Since 2014, Skyfire Consulting has helped over 130 public safety agencies kickstart their drone programs, helping them purchase equipment, file COAs, establish drone training regimens, and get all their paperwork in order. Throughout it all we've learned a tremendous amount about how to efficiently create well-trained and legal  fire drone programs, and we've boiled all the different aspects of a program to four key steps.


This is definitely the most time consuming and confusing part of the process, but it's also arguably the most important. Before you should buy a drone or pay for training, you should first determine the best regulatory framework under which to operate. Fortunately, this decision isn't nearly as complicated as it might seem. There are really just two ways for a fire department to operate legally in the United States

  • Part 107 - Commercial operator, individually certified, all waivers and flight responsibilities go with the pilot.
  • Certificate of Authorization (COA) - Public Agency designation, all waivers and flight responsibilities rest with the agency. 

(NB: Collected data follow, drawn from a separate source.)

(* Let $n\ge 11$ and let $G$ be a connected bidegreed graph of order $n$ with maximum degree $n-1$, and let $k=|M(G)|$. Then $$cM_2(G)\le k(n-k)\left((n-1)^2-k^2\right),$$ with equality if and only if $G$ is isomorphic to $K_k+\overline{K}_{n-k}$. Also, the inequality $$cM_2(G)\le \epsilon\, n^2(1-\epsilon)\left((n-1)^2-\epsilon^2n^2\right)$$ holds for some real $\epsilon$ lying between $372/1000$ and $392/1000$.
   Context: All graphs are finite and simple. For a graph $G$ and a vertex $u$, $d_u(G)$ denotes the degree of $u$ in $G$. The complementary second Zagreb index of $G$ is $cM_2(G)=\sum_{uv\in E(G)}\left|(d_u(G))^2-(d_v(G))^2\right|$. $M(G)$ denotes the set of vertices of $G$ having the maximum degree of $G$. A graph is bidegreed if the set of distinct vertex degrees has exactly two elements. $K_m$ is the complete graph on $m$ vertices, $\overline{H}$ is the complement of $H$, and $H_1+H_2$ (the join) is the graph on the disjoint union $V(H_1)\cup V(H_2)$ with edge set $E(H_1)\cup E(H_2)\cup\{h_1h_2: h_1\in V(H_1),h_2\in V(H_2)\}$. *)

theory Defs
  imports Complex_Main
begin

text \<open>A graph is a pair (vertex set, edge set); edges are 2-element vertex sets.\<close>
type_synonym 'a graph = "'a set \<times> 'a set set"

definition verts :: "'a graph \<Rightarrow> 'a set" where "verts G = fst G"
definition edges :: "'a graph \<Rightarrow> 'a set set" where "edges G = snd G"

definition simple_graph :: "'a graph \<Rightarrow> bool" where
  "simple_graph G \<longleftrightarrow> finite (verts G) \<and>
     (\<forall>e\<in>edges G. \<exists>u v. u \<noteq> v \<and> u \<in> verts G \<and> v \<in> verts G \<and> e = {u, v})"

definition deg :: "'a graph \<Rightarrow> 'a \<Rightarrow> nat" where
  "deg G u = card {e \<in> edges G. u \<in> e}"

definition connected_graph :: "'a graph \<Rightarrow> bool" where
  "connected_graph G \<longleftrightarrow> (\<forall>u\<in>verts G. \<forall>v\<in>verts G. \<exists>p. p \<noteq> [] \<and> hd p = u \<and> last p = v
      \<and> set p \<subseteq> verts G \<and> (\<forall>i. Suc i < length p \<longrightarrow> {p ! i, p ! Suc i} \<in> edges G))"

definition bidegreed :: "'a graph \<Rightarrow> bool" where
  "bidegreed G \<longleftrightarrow> card (deg G ` verts G) = 2"

definition max_degree :: "'a graph \<Rightarrow> nat" where
  "max_degree G = Max (deg G ` verts G)"

definition max_deg_verts :: "'a graph \<Rightarrow> 'a set" where
  "max_deg_verts G = {v \<in> verts G. deg G v = max_degree G}"

text \<open>Complementary second Zagreb index: for an edge e = {u,v}, the term
  |d_u^2 - d_v^2| equals max minus min of the squared degrees over e.\<close>
definition cM2 :: "'a graph \<Rightarrow> int" where
  "cM2 G = (\<Sum>e\<in>edges G. Max ((\<lambda>x. int (deg G x) ^ 2) ` e) - Min ((\<lambda>x. int (deg G x) ^ 2) ` e))"

definition complete_graph :: "nat \<Rightarrow> nat graph" where
  "complete_graph m = ({0..<m}, {{i, j} | i j. i < m \<and> j < m \<and> i \<noteq> j})"

definition complement :: "'a graph \<Rightarrow> 'a graph" where
  "complement H = (verts H, {{u, v} | u v. u \<in> verts H \<and> v \<in> verts H \<and> u \<noteq> v} - edges H)"

definition join :: "'a graph \<Rightarrow> 'b graph \<Rightarrow> ('a + 'b) graph" where
  "join H1 H2 = (Inl ` verts H1 \<union> Inr ` verts H2,
     (image Inl) ` edges H1 \<union> (image Inr) ` edges H2 \<union>
     {{Inl a, Inr b} | a b. a \<in> verts H1 \<and> b \<in> verts H2})"

definition graph_iso :: "'a graph \<Rightarrow> 'b graph \<Rightarrow> bool" where
  "graph_iso G H \<longleftrightarrow> (\<exists>f. bij_betw f (verts G) (verts H) \<and>
     (\<forall>u\<in>verts G. \<forall>v\<in>verts G. {u, v} \<in> edges G \<longleftrightarrow> {f u, f v} \<in> edges H))"

end

(* A vertex of degree n - 1 is adjacent to every other vertex. Hence every vertex outside the set M
   of maximum-degree vertices has the other degree d and is adjacent to all k = |M| vertices of M, so
   k <= d < n - 1. Only the k (n - k) edges between M and its complement contribute to cM2, each with
   (n - 1)^2 - d^2; thus cM2 = k (n - k) ((n - 1)^2 - d^2) <= k (n - k) ((n - 1)^2 - k^2), with
   equality iff d = k, i.e. iff the vertices outside M see exactly M, which makes G the complete
   split graph K_k + co-K_(n-k).
   For the second bound, f(x) = x (n - x) ((n - 1)^2 - x^2) increases on [0, 0.372 n] and decreases
   on [0.392 n, n - 1] once n >= 11, so f(k) <= f(eps n) for some eps in [0.372, 0.392]. *)

theory Submission
  imports Defs
begin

At Skyfire Consulting we recommend most fire departments operate under a COA because we feel that it provides the most coverage for the department in the most scalable, cost-effective, and manageable way. However, some flights (like demo days, marketing videos) are not covered under the COA, so we still recommend that 1-3 pilots become Part 107 certified as well.


Read here for more info on Part 107 versus COA.



This is the step most agencies start with, probably because it's the most fun. Choosing the right fire drone, or mix of fire drones, for your department depends on several key factors:

  • Types of missions
  • Budget
  • Ease of use/maintence
  • Weather considerations

The primary concern should be the types of missions you anticipate flying. If you intend to do search and rescue, wildfire, or scene size-up missions then long flight times, weather-resistance, and ensuring your drone can carry a thermal camera are important factors. If budget is a concern, then there are a plenty of lower cost drones that can get your fire department quick eyes in the sky.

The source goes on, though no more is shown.